Exercise aim —
How many of the lines below include the word "where"? Only the number should be given.
---- Material provided
(* Let $P$ be a poset with an $\mathbb{R}$-action $\Lambda$. Let $I,J$ be intervals of $P$ and $\epsilon\ge0$ with $I\subseteq\mathrm{Ex}^\Lambda_\epsilon(J)$ and $J\subseteq\mathrm{Ex}^\Lambda_\epsilon(I)$. Then $$I\cap\Lambda_{-\epsilon}(J)\cap\Lambda_{-2\epsilon}(I)=I\cap\Lambda_{-2\epsilon}(I)$$ and $$J\cap\Lambda_{-\epsilon}(I)\cap\Lambda_{-2\epsilon}(J)=J\cap\Lambda_{-2\epsilon}(J).$$
   Context: An interval of a poset $P$ is a nonempty convex and connected subset (convex: $p,q\in I$, $p\le r\le q$ imply $r\in I$; connected: any two elements are joined by a finite sequence in $I$ with consecutive ones comparable). For $A\subseteq P$ nonempty, $A^\uparrow=\{p:\exists a\in A,\ a\le p\}$ and $A^\downarrow=\{p:\exists a\in A,\ p\le a\}$; $\emptyset^\uparrow=\emptyset^\downarrow=P$. An $\mathbb{R}$-action on $P$ is a family $\{\Lambda_\epsilon\}_{\epsilon\ge0}$ of poset automorphisms with $p\le\Lambda_\epsilon(p)$, $\Lambda_0=\mathrm{id}$ and $\Lambda_\epsilon\Lambda_\zeta=\Lambda_{\epsilon+\zeta}$. Write $\Lambda_{-\epsilon}=\Lambda_\epsilon^{-1}$; $\Lambda_{-\epsilon}(J)$ denotes the image. $\mathrm{Ex}^\Lambda_\epsilon(A)=\Lambda_\epsilon^{-1}(A)^\uparrow\cap\Lambda_\epsilon(A)^\downarrow$, with $\Lambda_\epsilon^{-1}(A)$ the preimage. *)

theory Defs
  imports Complex_Main
begin

definition up_closure :: "'a::order set \<Rightarrow> 'a set" where
  "up_closure A = (if A = {} then UNIV else {p. \<exists>a\<in>A. a \<le> p})"

definition down_closure :: "'a::order set \<Rightarrow> 'a set" where
  "down_closure A = (if A = {} then UNIV else {p. \<exists>a\<in>A. p \<le> a})"

definition convex_set :: "'a::order set \<Rightarrow> bool" where
  "convex_set I \<longleftrightarrow> (\<forall>p\<in>I. \<forall>q\<in>I. \<forall>r. p \<le> r \<and> r \<le> q \<longrightarrow> r \<in> I)"

definition connected_set :: "'a::order set \<Rightarrow> bool" where
  "connected_set I \<longleftrightarrow> (\<forall>p\<in>I. \<forall>q\<in>I. \<exists>xs. xs \<noteq> [] \<and> hd xs = p \<and> last xs = q
      \<and> set xs \<subseteq> I
      \<and> (\<forall>i. Suc i < length xs \<longrightarrow> (xs!i \<le> xs!Suc i \<or> xs!Suc i \<le> xs!i)))"

definition is_interval :: "'a::order set \<Rightarrow> bool" where
  "is_interval I \<longleftrightarrow> I \<noteq> {} \<and> convex_set I \<and> connected_set I"

definition order_automorphism :: "('a::order \<Rightarrow> 'a) \<Rightarrow> bool" where
  "order_automorphism f \<longleftrightarrow> bij f \<and> (\<forall>x y. x \<le> y \<longleftrightarrow> f x \<le> f y)"

text \<open>An R-action: only the values at eps >= 0 are relevant.\<close>
definition R_action :: "(real \<Rightarrow> 'a::order \<Rightarrow> 'a) \<Rightarrow> bool" where
  "R_action \<Lambda> \<longleftrightarrow>
     (\<forall>e\<ge>0. order_automorphism (\<Lambda> e)) \<and>
     (\<forall>e\<ge>0. \<forall>p. p \<le> \<Lambda> e p) \<and>
     \<Lambda> 0 = id \<and>
     (\<forall>e\<ge>0. \<forall>z\<ge>0. \<Lambda> e \<circ> \<Lambda> z = \<Lambda> (e + z))"

definition Ex_op :: "(real \<Rightarrow> 'a::order \<Rightarrow> 'a) \<Rightarrow> real \<Rightarrow> 'a set \<Rightarrow> 'a set" where
  "Ex_op \<Lambda> e A = up_closure (\<Lambda> e -` A) \<inter> down_closure (\<Lambda> e ` A)"

text \<open>Image of J under Lambda_{-e} = (Lambda_e)^{-1}.\<close>
definition neg_image :: "(real \<Rightarrow> 'a::order \<Rightarrow> 'a) \<Rightarrow> real \<Rightarrow> 'a set \<Rightarrow> 'a set" where
  "neg_image \<Lambda> e J = inv (\<Lambda> e) ` J"

end

theory Submission
  imports Defs
begin

text \<open>Pointwise: if \<open>x\<close> and \<open>\<Lambda>\<^sub>2\<^sub>\<epsilon> x\<close> both lie in \<open>Ex\<^sub>\<epsilon>(J)\<close>, then some \<open>a \<le> x\<close> has
  \<open>\<Lambda>\<^sub>\<epsilon> a \<in> J\<close> and some \<open>b \<in> J\<close> has \<open>\<Lambda>\<^sub>2\<^sub>\<epsilon> x \<le> \<Lambda>\<^sub>\<epsilon> b\<close>; hence \<open>\<Lambda>\<^sub>\<epsilon> a \<le> \<Lambda>\<^sub>\<epsilon> x \<le> b\<close>,
  and convexity of \<open>J\<close> puts \<open>\<Lambda>\<^sub>\<epsilon> x\<close> in \<open>J\<close>. This gives the inclusions \<open>\<supseteq>\<close>;
  the inclusions \<open>\<subseteq>\<close> are trivial.\<close>

lemma R_action_order_automorphism:
  assumes "R_action \<Lambda>" and "e \<ge> 0"
  shows "order_automorphism (\<Lambda> e)"
  using assms unfolding R_action_def by blast

lemma R_action_double:
  assumes "R_action \<Lambda>" and "e \<ge> 0"
  shows "\<Lambda> (2 * e) x = \<Lambda> e (\<Lambda> e x)"
proof -
  have "\<Lambda> e \<circ> \<Lambda> e = \<Lambda> (e + e)"
    using assms unfolding R_action_def by blast
  then show ?thesis
    by (metis comp_apply mult_2)
qed

lemma neg_image_eq_vimage:
  assumes "R_action \<Lambda>" and "e \<ge> 0"
  shows "neg_image \<Lambda> e J = \<Lambda> e -` J"
  using R_action_order_automorphism[OF assms]
  by (simp add: neg_image_def order_automorphism_def bij_vimage_eq_inv_image)

lemma convex_set_mem_shift:
  assumes f: "order_automorphism f" and J: "convex_set J" "J \<noteq> {}"
    and up: "x \<in> up_closure (f -` J)" and down: "f (f x) \<in> down_closure (f ` J)"
  shows "f x \<in> J"
proof -
  have mono_iff: "\<And>a b. a \<le> b \<longleftrightarrow> f a \<le> f b" and "surj f"
    using f unfolding order_automorphism_def by (auto simp: bij_is_surj)
  then have "f -` J \<noteq> {}"
    using \<open>J \<noteq> {}\<close> by (metis ex_in_conv surjD vimage_eq)
  with up obtain a where a: "f a \<in> J" "a \<le> x"
    unfolding up_closure_def by auto
  from down \<open>J \<noteq> {}\<close> obtain b where b: "b \<in> J" "f (f x) \<le> f b"
    unfolding down_closure_def by auto
  have "f a \<le> f x" and "f x \<le> b"
    using a b mono_iff by auto
  with a b J show ?thesis
    unfolding convex_set_def by blast
qed

lemma Ex_op_double_shift_subset:
  assumes R: "R_action \<Lambda>" and e: "e \<ge> 0" and J: "convex_set J" "J \<noteq> {}"
    and sub: "I \<subseteq> Ex_op \<Lambda> e J"
  shows "I \<inter> neg_image \<Lambda> (2 * e) I \<subseteq> neg_image \<Lambda> e J"
proof
  fix x assume "x \<in> I \<inter> neg_image \<Lambda> (2 * e) I"
  then have "x \<in> I" and "\<Lambda> e (\<Lambda> e x) \<in> I"
    using neg_image_eq_vimage[OF R] R_action_double[OF R e] e by auto
  with sub have "x \<in> up_closure (\<Lambda> e -` J)" and "\<Lambda> e (\<Lambda> e x) \<in> down_closure (\<Lambda> e ` J)"
    unfolding Ex_op_def by auto
  then have "\<Lambda> e x \<in> J"
    using convex_set_mem_shift[OF R_action_order_automorphism[OF R e] J] by blast
  then show "x \<in> neg_image \<Lambda> e J"
    using neg_image_eq_vimage[OF R e] by simp
qed

theorem lemma2p16:
  fixes \<Lambda> :: "real \<Rightarrow> 'a::order \<Rightarrow> 'a" and I J :: "'a set" and e :: real
  assumes "R_action \<Lambda>"
    and "is_interval I" and "is_interval J"
    and "e \<ge> 0"
    and "I \<subseteq> Ex_op \<Lambda> e J" and "J \<subseteq> Ex_op \<Lambda> e I"
  shows "(I \<inter> neg_image \<Lambda> e J \<inter> neg_image \<Lambda> (2*e) I = I \<inter> neg_image \<Lambda> (2*e) I) \<and>
           (J \<inter> neg_image \<Lambda> e I \<inter> neg_image \<Lambda> (2*e) J = J \<inter> neg_image \<Lambda> (2*e) J)"
proof -
  have "I \<inter> neg_image \<Lambda> (2*e) I \<subseteq> neg_image \<Lambda> e J"
    using assms(3) by (intro Ex_op_double_shift_subset[OF assms(1,4) _ _ assms(5)])
      (auto simp: is_interval_def)
  moreover have "J \<inter> neg_image \<Lambda> (2*e) J \<subseteq> neg_image \<Lambda> e I"
    using assms(2) by (intro Ex_op_double_shift_subset[OF assms(1,4) _ _ assms(6)])
      (auto simp: is_interval_def)
  ultimately show ?thesis
    by blast
qed

end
--------
Worked solution —
11